Ecosyste.ms: Awesome

An open API service indexing awesome lists of open source software.

https://github.com/eth-cscs/node-burn


https://github.com/eth-cscs/node-burn

Last synced: 7 days ago
JSON representation

Lists

README

        

# NODE BURN

Because sometimes burning the GPU is not enough.
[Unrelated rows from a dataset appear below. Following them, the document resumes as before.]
definition sref :: "nat \<Rightarrow> nat \<Rightarrow> nat" where
  "sref i = Transposition.transpose i (Suc i)"

definition word_prod :: "nat list \<Rightarrow> nat \<Rightarrow> nat" where
  "word_prod ws = foldr (\<lambda>i acc. sref i \<circ> acc) ws id"

definition coxeter_length :: "nat \<Rightarrow> (nat \<Rightarrow> nat) \<Rightarrow> nat" where
  "coxeter_length n w =
     (LEAST k. \<exists>ws. length ws = k \<and> set ws \<subseteq> {1..<n} \<and> word_prod ws = w)"

definition bruhat_step :: "nat \<Rightarrow> (nat \<Rightarrow> nat) \<Rightarrow> (nat \<Rightarrow> nat) \<Rightarrow> bool" where
  "bruhat_step n u v \<longleftrightarrow> u \<in> weyl n \<and>
     (\<exists>i j. 1 \<le> i \<and> i < j \<and> j \<le> n \<and> v = u \<circ> Transposition.transpose i j
            \<and> coxeter_length n u < coxeter_length n v)"

definition bruhat_le :: "nat \<Rightarrow> (nat \<Rightarrow> nat) \<Rightarrow> (nat \<Rightarrow> nat) \<Rightarrow> bool" where
  "bruhat_le n = (bruhat_step n)\<^sup>*\<^sup>*"

definition min_coset_reps :: "nat \<Rightarrow> nat \<Rightarrow> (nat \<Rightarrow> nat) set" where
  "min_coset_reps n r = {w \<in> weyl n.
     \<forall>i \<in> {1..<n} - {r}. coxeter_length n w < coxeter_length n (w \<circ> sref i)}"

text \<open>Weights in epsilon-coordinates: functions on {1..n} (modulo constants);
epsilon_i is the indicator of i, omega_r = eps_1 + ... + eps_r,
alpha_j = eps_j - eps_(j+1).  Weyl action: (w mu)(i) = mu (w^-1 i), so
w eps_i = eps_(w i).  The one-parameter subgroup lambda_s (coweight with
<alpha_j, lambda_s> = delta_sj) has coordinates [i <= s] - s/n (sum zero).\<close>

definition omega :: "nat \<Rightarrow> nat \<Rightarrow> real" where
  "omega r i = (if 1 \<le> i \<and> i \<le> r then 1 else 0)"

definition weyl_act :: "(nat \<Rightarrow> nat) \<Rightarrow> (nat \<Rightarrow> real) \<Rightarrow> nat \<Rightarrow> real" where
  "weyl_act w \<mu> = \<mu> \<circ> inv w"

definition lam :: "nat \<Rightarrow> nat \<Rightarrow> nat \<Rightarrow> real" where
  "lam n s i = (if i \<le> s then 1 else 0) - real s / real n"

definition pairing :: "nat \<Rightarrow> (nat \<Rightarrow> real) \<Rightarrow> (nat \<Rightarrow> real) \<Rightarrow> real" where
  "pairing n \<mu> l = (\<Sum>i = 1..n. \<mu> i * l i)"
A simple tool for running compute or memory intensive workloads on both CPU and GPU, in order to understand
* the performance of the individual components
* the impact of the workloads on one another
* the maximum power consumption of a node

## Features

Node burn can run GEMM or STREAM workloads on the GPU only, CPU only, or both simultaneously.

```bash
# run GEMM with matrix dimension 5000*5000 on the GPU,
# and STREAM triad with length 500000 on the CPU, for 30 seconds.
./burn -ggemm,5000 -cstream,500000 -d30

# run GEMM on the GPU, nothing on the CPU, for 3 minutes.
./burn -cgemm,5000 -d180

# run GEMM on the CPU, nothing on the GPU, for 20 seconds.
./burn -ggemm,5000 -d20
```

Sometimes we want to run multiple instances of node burn in a parallel job, e.g. 4 instances on a node with 4 GPUs, or one instance on every GPU in a cabinet, to ~see if anything catches on fire~ understand system behavior under load.
Use the `--batch` option to produce less verbose output that can be easily parsed by a post-processing script.

```bash
# on a system with 4 GPUs per node, use all 16 GPUs on 4 nodes to
# run GEMM with matrix dimension 10000*10000 on the GPU for 30 seconds
srun -n16 -N4 ./burn --batch -ggemm,10000 -d30
nid001272:gpu 584 iterations, 38930.92 GFlops, 30.0 seconds, 2.400 Gbytes
nid001272:gpu 579 iterations, 38555.99 GFlops, 30.0 seconds, 2.400 Gbytes
nid001272:gpu 561 iterations, 37348.14 GFlops, 30.0 seconds, 2.400 Gbytes
nid001272:gpu 600 iterations, 39939.47 GFlops, 30.0 seconds, 2.400 Gbytes
nid001278:gpu 585 iterations, 38994.35 GFlops, 30.0 seconds, 2.400 Gbytes
nid001278:gpu 584 iterations, 38914.98 GFlops, 30.0 seconds, 2.400 Gbytes
nid001278:gpu 589 iterations, 39200.59 GFlops, 30.1 seconds, 2.400 Gbytes
nid001278:gpu 589 iterations, 39204.37 GFlops, 30.0 seconds, 2.400 Gbytes
nid001274:gpu 557 iterations, 37091.74 GFlops, 30.0 seconds, 2.400 Gbytes
nid001274:gpu 560 iterations, 37289.96 GFlops, 30.0 seconds, 2.400 Gbytes
nid001274:gpu 542 iterations, 36090.85 GFlops, 30.0 seconds, 2.400 Gbytes
nid001274:gpu 503 iterations, 33473.36 GFlops, 30.1 seconds, 2.400 Gbytes
nid001276:gpu 584 iterations, 38929.67 GFlops, 30.0 seconds, 2.400 Gbytes
nid001276:gpu 589 iterations, 39253.24 GFlops, 30.0 seconds, 2.400 Gbytes
nid001276:gpu 588 iterations, 39170.08 GFlops, 30.0 seconds, 2.400 Gbytes
nid001276:gpu 589 iterations, 39224.21 GFlops, 30.0 seconds, 2.400 Gbytes
```

### Power Measurement on HPE-Cray systems

If running on a HPE Cray-EX system with `pm_counters`, nodeburn can be configured to generate a report of power consumption on each node. Enable it at build time with the `NB_PMCOUNTERS` CMake option (see below).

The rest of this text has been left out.